Another angle is to see if generative AI can be bound sufficiently to keep it from going astray. It is conceivable that with various technological guardrails and human oversight, an LLM for mental health use can be reliably utilized in the wild. This has spurred an interest in devising highly customized AI foundational models that are tailored specifically to the mental health domain, see my discussion at the link here.
Thoughts On AI Research In This Realm
Let’s shift gears and consider the myriad of research pursuits from a 30,000-foot level. We can garner useful insights into how such research has been conducted, and how such research might be further conducted on an ongoing basis and in the future too.
Here are five notable considerations that are worthwhile contemplating:
- (1) Developers and researchers at times intertwined. Studies in this realm often entail the researchers also being the developers of the AI-based mental health app. The good news is that by being both the developer and the researcher, they know the app in great detail and can even potentially hone the system accordingly. The downside is that there is a potential conflict of interest since there can be a subconscious propensity to want the AI to be a success. It will be helpful if studies involving researchers who have no connection whatsoever to a given AI system can pick up the mantle and perform distinctly third-party independent studies.
- (2) Comparison of AI to nothing else is a bit soft. Studies in this realm will typically devise an experimental setting that consists of the AI app as the treatment and then have a control group that doesn’t make use of the AI. That’s fine. It is useful to see whether the AI appears to make a difference in mental health outcomes. But the rub is this. An argument can be made that just about anything might produce upside mental health outcomes. In that sense, the AI is almost like a placebo (so the argument goes). To aid in dealing with this possibility, a simultaneous use of a group that is for example encouraged to access online information about mental health can be a handy comparison basis. How much of an uplift, if any, does the AI app have over simple access to ready information about mental health? That’s a difference of a more demonstrative kind.

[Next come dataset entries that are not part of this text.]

(* Let $M,N\ge3$ be integers with $M$ divisible by $(7^{N+1})!$. For $1\le k\le N$ let $I_k$ be the sequence consisting of $N-k+1$ batches of $M$ identical items each, where the batches have item sizes $\frac1{7^N},\frac1{7^{N-1}},\dots,\frac1{7^k}$ in this order. Then $\mathrm{OPT}(I_k)\le\frac{7M}{6(7^k+1)}$ for every $1\le k\le N$.
   Context: Ordered Open End Bin Packing: a sequence of items with sizes in $(0,1]$ must be packed into bins in sequence order, where an item may be added to a bin only if the bin's current total size is strictly below $1$; equivalently, in each bin the total size of all items except the one appearing last in the sequence is strictly below $1$. $\mathrm{OPT}(I)$ is the minimum number of bins of such a packing of the sequence $I$. *)

theory Defs
  imports Complex_Main
begin

text \<open>A packing assigns to each item index i < length xs a bin label f i.
  Items are packed in sequence order; item i may be added to bin f i only
  if the total size of the items preceding it (in the sequence) in that bin
  is strictly below 1.\<close>

definition oe_packing :: "real list \<Rightarrow> (nat \<Rightarrow> nat) \<Rightarrow> bool" where
  "oe_packing xs f \<longleftrightarrow>
     (\<forall>i < length xs. (\<Sum>j \<in> {j. j < i \<and> f j = f i}. xs ! j) < 1)"

definition OPT :: "real list \<Rightarrow> nat" where
  "OPT xs = (LEAST m. \<exists>f. oe_packing xs f \<and> (\<forall>i < length xs. f i < m))"

definition inst :: "nat \<Rightarrow> nat \<Rightarrow> nat \<Rightarrow> real list" where
  "inst N M k = concat (map (\<lambda>j. replicate M (1 / 7 ^ (N - j))) [0..<N - k + 1])"

end

theory Submission
  imports Defs
begin

(* In units of 7^-N the items of batch t = 0, ..., L (where L = N - k) weigh 7^t, and a bin is
   admissible when its items other than the last one weigh less than 7^N = 7 K 7^L, K = 7^(k-1).
   Cut every batch into blocks of 6 (7^k + 1) = 42 K + 6 consecutive items and send block G of
   every batch to the seven bins 7G, ..., 7G + 6: each of the first six receives 6K items from every
   batch but the last and 6K + 1 items from the last batch, the seventh receives the remaining
   6K + 6 and 6K items. Since 6 (1 + 7 + ... + 7^(L-1)) = 7^L - 1, the items of a bin other than its
   last one weigh 7 K 7^L - K, resp. 7 K 7^L - K - 1. This packing uses 7M / (6 (7^k + 1)) bins. *)

lemma OPT_le:
  assumes "oe_packing xs f" and "\<forall>i < length xs. f i < m"
  shows "OPT xs \<le> m"
  unfolding OPT_def using assms by (blast intro: Least_le)

lemma concat_map_replicate_upt:
  "concat (map (\<lambda>j. replicate M (h j)) [0..<n]) = map (\<lambda>i. h (i div M)) [0..<n * M]"
proof (cases "M = 0")
  case False
  show ?thesis
  proof (induction n)
    case (Suc n)
    have "[0..<Suc n * M] = [0..<n * M] @ [n * M..<n * M + M]"
      by (metis add.commute mult_Suc upt_add_eq_append zero_le)
    moreover have "map (\<lambda>i. h (i div M)) [n * M..<n * M + M] = replicate M (h n)"
      by (rule nth_equalityI) (use False in auto)
    ultimately show ?case using Suc by simp
  qed simp
qed simp

lemma inst_eq_map:
  "inst N M k = map (\<lambda>i. 7 ^ (i div M) / 7 ^ N) [0..<(N - k + 1) * M]"
proof -
  have "1 / 7 ^ (N - j) = (7::real) ^ j / 7 ^ N" if "j < N - k + 1" for j
    using that by (simp add: power_diff)
  then show ?thesis
    unfolding inst_def concat_map_replicate_upt
    by (intro map_cong refl) (simp add: less_mult_imp_div_less)
qed

lemma oe_packing_of_nat_weights:
  fixes w :: "nat \<Rightarrow> nat"
  assumes "\<forall>i < n. (\<Sum>j | j < i \<and> f j = f i. w j) < D"
  shows "oe_packing (map (\<lambda>i. real (w i) / real D) [0..<n]) f"
  unfolding oe_packing_def
proof (intro allI impI)
  fix i assume "i < length (map (\<lambda>i. real (w i) / real D) [0..<n])"
  then have i: "i < n" by simp
  then have "(\<Sum>j | j < i \<and> f j = f i. map (\<lambda>i. real (w i) / real D) [0..<n] ! j)
      = real (\<Sum>j | j < i \<and> f j = f i. w j) / real D"
    by (simp add: sum_divide_distrib)
  also have "\<dots> < 1"
  proof -
    have "(\<Sum>j | j < i \<and> f j = f i. w j) < D" using assms i by blast
    then show ?thesis by (simp add: divide_less_eq del: of_nat_sum)
  qed
  finally show "(\<Sum>j | j < i \<and> f j = f i. map (\<lambda>i. real (w i) / real D) [0..<n] ! j) < 1" .
qed

lemma sum_batch_weights_le:
  fixes w :: "nat \<Rightarrow> nat"
  assumes "finite A" and "\<forall>j\<in>A. j div M \<le> L"
    and "\<And>t. t \<le> L \<Longrightarrow> card {j \<in> A. j div M = t} \<le> c t"
  shows "(\<Sum>j\<in>A. w (j div M)) \<le> (\<Sum>t\<le>L. c t * w t)"
proof -
  have "(\<Sum>j\<in>A. w (j div M)) = (\<Sum>t\<le>L. \<Sum>j | j \<in> A \<and> j div M = t. w (j div M))"
    using assms(1,2) by (intro sum.group[symmetric]) auto
  also have "\<dots> = (\<Sum>t\<le>L. card {j \<in> A. j div M = t} * w t)"
    by (intro sum.cong refl) simp
  also have "\<dots> \<le> (\<Sum>t\<le>L. c t * w t)"
    using assms(3) by (intro sum_mono mult_le_mono1) simp
  finally show ?thesis .
qed

lemma card_same_bin_in_batch_le:
  fixes f :: "nat \<Rightarrow> 'b" and i t M :: nat
  assumes "M > 0"
  defines "P \<equiv> {p. p < M \<and> f (t * M + p) = f i}"
  shows "card {j. j < i \<and> f j = f i \<and> j div M = t} \<le> card P"
    and "i div M \<le> t \<Longrightarrow> card {j. j < i \<and> f j = f i \<and> j div M = t} \<le> card P - 1"
proof -
  let ?S = "{j. j < i \<and> f j = f i \<and> j div M = t}"
  have batch_decomp: "j = t * M + j mod M" if "j div M = t" for j
    using that div_mult_mod_eq[of j M] by simp
  have S_sub: "?S \<subseteq> (\<lambda>p. t * M + p) ` (P - {p. t * M + p = i})"
  proof
    fix j assume j: "j \<in> ?S"
    then have j_eq: "j = t * M + j mod M" using batch_decomp by blast
    then have "j mod M \<in> P - {p. t * M + p = i}"
      using j assms(1) unfolding P_def by auto
    with j_eq show "j \<in> (\<lambda>p. t * M + p) ` (P - {p. t * M + p = i})" by blast
  qed
  have fin: "finite P" unfolding P_def by simp
  have "card ?S \<le> card (P - {p. t * M + p = i})"
    using S_sub fin by (meson card_image_le card_mono finite_Diff finite_imageI le_trans)
  then show "card ?S \<le> card P"
    using fin by (meson card_mono Diff_subset le_trans)
  show "card ?S \<le> card P - 1" if "i div M \<le> t"
  proof (cases "t = i div M")
    case True
    then have "i = t * M + i mod M" using batch_decomp by simp
    then have "P - {p. t * M + p = i} = P - {i mod M}" by auto
    moreover have "i mod M \<in> P"
      using \<open>i = t * M + i mod M\<close> assms(1) unfolding P_def by simp
    ultimately show ?thesis using \<open>card ?S \<le> card (P - _)\<close> fin by simp
  next
    case False
    have "j div M \<le> i div M" if "j < i" for j
      using that by (simp add: div_le_mono)
    then have "?S = {}" using False \<open>i div M \<le> t\<close> by fastforce
    then show ?thesis by (metis card.empty le0)
  qed
qed

(* Position p of a batch cut into blocks of R consecutive items: block G goes to the bins
   7G, ..., 7G + 6, the first six of which receive c consecutive items each and the last one
   the remaining R - 6c. *)
definition block_bin :: "nat \<Rightarrow> nat \<Rightarrow> nat \<Rightarrow> nat" where
  "block_bin R c p = 7 * (p div R) + min 6 (p mod R div c)"

lemma block_bin_less:
  assumes "p < g * R"
  shows "block_bin R c p < 7 * g"
proof -
  have "p div R < g"
    using assms by (simp add: less_mult_imp_div_less)
  then show ?thesis unfolding block_bin_def by linarith
qed

lemma card_block_slot_le:
  assumes "0 < c"
  shows "card {r. r < R \<and> min 6 (r div c) = l} \<le> (if l < 6 then c else R - 6 * c)"
proof -
  have "{r. r < R \<and> min 6 (r div c) = l} \<subseteq> (if l < 6 then {l * c..<l * c + c} else {6 * c..<R})"
  proof
    fix r assume r: "r \<in> {r. r < R \<and> min 6 (r div c) = l}"
    have "l * c \<le> r \<and> r < l * c + c" if "r div c = l"
      using that assms by (metis add.commute div_times_less_eq_dividend dividend_less_div_times)
    moreover have "6 * c \<le> r" if "6 \<le> r div c"
      using that assms by (simp add: less_eq_div_iff_mult_less_eq)
    ultimately show "r \<in> (if l < 6 then {l * c..<l * c + c} else {6 * c..<R})"
      using r by (auto split: if_splits)
  qed
  from card_mono[OF _ this] show ?thesis
    by (cases "l < 6") simp_all
qed

lemma card_block_bin_le:
  assumes "0 < c" and "0 < R"
  shows "card {p. p < M \<and> block_bin R c p = b} \<le> (if b mod 7 < 6 then c else R - 6 * c)"
proof -
  let ?slot = "{r. r < R \<and> min 6 (r div c) = b mod 7}"
  have "{p. p < M \<and> block_bin R c p = b} \<subseteq> (\<lambda>r. b div 7 * R + r) ` ?slot"
  proof
    fix p assume "p \<in> {p. p < M \<and> block_bin R c p = b}"
    then have "b = 7 * (p div R) + min 6 (p mod R div c)" unfolding block_bin_def by simp
    then have "b div 7 = p div R" and "b mod 7 = min 6 (p mod R div c)" by simp_all
    then show "p \<in> (\<lambda>r. b div 7 * R + r) ` ?slot"
      using assms(2) by (intro image_eqI[of _ _ "p mod R"]) simp_all
  qed
  then have "card {p. p < M \<and> block_bin R c p = b} \<le> card ((\<lambda>r. b div 7 * R + r) ` ?slot)"
    by (intro card_mono) simp_all
  also have "\<dots> \<le> card ?slot"
    by (intro card_image_le) simp
  also have "\<dots> \<le> (if b mod 7 < 6 then c else R - 6 * c)"
    using card_block_slot_le[OF assms(1)] .
  finally show ?thesis .
qed

lemma staircase_load_less:
  fixes K L l :: nat
  assumes "0 < K"
  shows "(\<Sum>t\<le>L. (if t < L then (if l < 6 then 6 * K else 6 * K + 6)
                    else (if l < 6 then 6 * K + 1 else 6 * K) - 1) * 7 ^ t) < 7 * K * (7::nat) ^ L"
    (is "(\<Sum>t\<le>L. (if t < L then ?a else ?b) * _) < _")
proof -
  define s :: nat where "s = (\<Sum>t<L. 7 ^ t)"
  have geometric: "6 * s + 1 = 7 ^ L"
    unfolding s_def by (induction L) auto
  then have K_s: "6 * (K * s) + K = K * 7 ^ L"
    by (metis add_mult_distrib2 mult.left_commute mult_1_right)
  have "(\<Sum>t\<le>L. (if t < L then ?a else ?b) * 7 ^ t) = ?a * s + ?b * 7 ^ L"
  proof -
    have "(\<Sum>t<L. (if t < L then ?a else ?b) * 7 ^ t) = ?a * s"
      unfolding s_def sum_distrib_left by (intro sum.cong) auto
    then show ?thesis
      by (simp add: lessThan_Suc_atMost[symmetric])
  qed
  also have "\<dots> < 7 * K * 7 ^ L"
  proof (cases "l < 6")
    case True
    then show ?thesis using geometric assms by (simp add: algebra_simps)
  next
    case False
    have "(6 * K + 6) * s = 6 * (K * s) + 6 * s"
      and "(6 * K - 1) * 7 ^ L = 6 * (K * 7 ^ L) - 7 ^ L"
      and "7 ^ L \<le> K * (7::nat) ^ L"
      using assms by (simp_all add: algebra_simps diff_mult_distrib)
    then show ?thesis using False K_s geometric by simp
  qed
  finally show ?thesis .
qed

definition staircase_packing :: "nat \<Rightarrow> nat \<Rightarrow> nat \<Rightarrow> nat \<Rightarrow> nat" where
  "staircase_packing M L K i =
     block_bin (42 * K + 6) (if i div M < L then 6 * K else 6 * K + 1) (i mod M)"

lemma staircase_bin_weight_less:
  assumes "0 < K" and "i < (L + 1) * M"
  defines "f \<equiv> staircase_packing M L K"
  shows "(\<Sum>j | j < i \<and> f j = f i. (7::nat) ^ (j div M)) < 7 * K * 7 ^ L"
proof -
  have "0 < M" using assms(2) by (cases M) simp_all
  let ?l = "f i mod 7"
  define cap where "cap t = (if t < L then 6 * K else 6 * K + 1)" for t
  \<comment> \<open>In batch L one item fewer: either i itself lies in it, or i precedes all of it.\<close>
  define c where "c t = (if t < L then (if ?l < 6 then 6 * K else 6 * K + 6)
                         else (if ?l < 6 then 6 * K + 1 else 6 * K) - 1)" for t
  have batch_load: "card {p. p < M \<and> f (t * M + p) = f i}
      \<le> (if ?l < 6 then cap t else 42 * K + 6 - 6 * cap t)" for t
  proof -
    have "{p. p < M \<and> f (t * M + p) = f i} = {p. p < M \<and> block_bin (42 * K + 6) (cap t) p = f i}"
      unfolding f_def staircase_packing_def cap_def by (rule Collect_cong) auto
    also have "card \<dots> \<le> (if ?l < 6 then cap t else 42 * K + 6 - 6 * cap t)"
      using assms(1) by (intro card_block_bin_le) (simp_all add: cap_def)
    finally show ?thesis .
  qed
  have "card {j \<in> {j. j < i \<and> f j = f i}. j div M = t} \<le> c t" if "t \<le> L" for t
  proof (cases "t < L")
    case True
    then show ?thesis
      using le_trans[OF card_same_bin_in_batch_le(1)[OF \<open>0 < M\<close>] batch_load[of t]]
      unfolding c_def cap_def by (simp split: if_splits)
  next
    case False
    moreover have "i div M < L + 1"
      using assms(2) by (rule less_mult_imp_div_less)
    ultimately have "i div M \<le> t" using that by linarith
    then show ?thesis
      using le_trans[OF card_same_bin_in_batch_le(2)[OF \<open>0 < M\<close>] diff_le_mono[OF batch_load[of t]]]
      unfolding c_def cap_def by (simp split: if_splits)
  qed
  moreover have "j div M \<le> L" if "j < i" for j
    using less_mult_imp_div_less[of j "L + 1" M] that assms(2) by simp
  ultimately have "(\<Sum>j | j < i \<and> f j = f i. (7::nat) ^ (j div M)) \<le> (\<Sum>t\<le>L. c t * 7 ^ t)"
    by (intro sum_batch_weights_le) auto
  also have "\<dots> < 7 * K * 7 ^ L"
    unfolding c_def using staircase_load_less[OF assms(1)] .
  finally show ?thesis .
qed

- (3) Amount of outside handling. When the AI app falters or perhaps detects worrisome concerns based on what the user has expressed such as possible self-harm, these experiments typically and rightfully have a process in which humans are notified, such as a standing-by mental health professional. Those outside touchpoints are not usually given much attention by the media that reports on these studies. That’s unfortunate. The implication that the media tends to portray is that the AI was somehow fully autonomous. Knowing how much outside handling was encountered can be a bellwether for what such AI might need in real-world usage.
- (4) Degree of tailorization to the AI. Another aspect that is important to consider is how much has a generative AI or LLM been tailored to perform mental health advisement. Is it a minor adjustment or a major overhaul? Again, the media at times runs with the notion that generic generative AI has been substantiated due to a given experiment, but that could be a misleading or false indication. The AI used in the study might not resemble generic generative AI anymore. Thus, trying to compare the tailored version versus what people tend to use every day is an entirely offside apples-to-oranges comparison.
- (5) Subjects versed in generative AI. A tough issue to increasingly cope with will be that subjects used in this realm are likely to already have used generative AI, perhaps doing so daily. The question arises as to whether this makes them more prone to use the tailored AI app than those who do not avidly use generative AI. It will be important for studies to ask subjects about their prior and existing use of generative AI. This will help to clarify what impact such usage has on those in the treatment group and those in the control group. Indeed, if the control group is not using the tailored AI app, they might be secretly using generic generative AI during the course of the experiment anyway. That’s worth knowing.
Big Picture Of The Biggest Kind
The research studies in this realm that aim to be highly methodical and systematic will typically make use of the longstanding time-tested practice of RCT (randomized control trial). This consists of devising an experimental design that randomly assigns subjects to a treatment or experimental group, and other subjects to a control group. Such a rigorous approach aims to try and prevent confounding factors from getting in the way of making suitable claims regarding what the research identified and stipulates as strident outcomes.
First, let’s give suitably due credit to those studies using RCT.
The amount of time and energy can be substantial. Unlike other research approaches that are more ad hoc, trying to do things the best way possible can be time-consuming and costly. A willingness and persistence to do AI-related research in this manner is exceedingly laudable. Thanks for doing so.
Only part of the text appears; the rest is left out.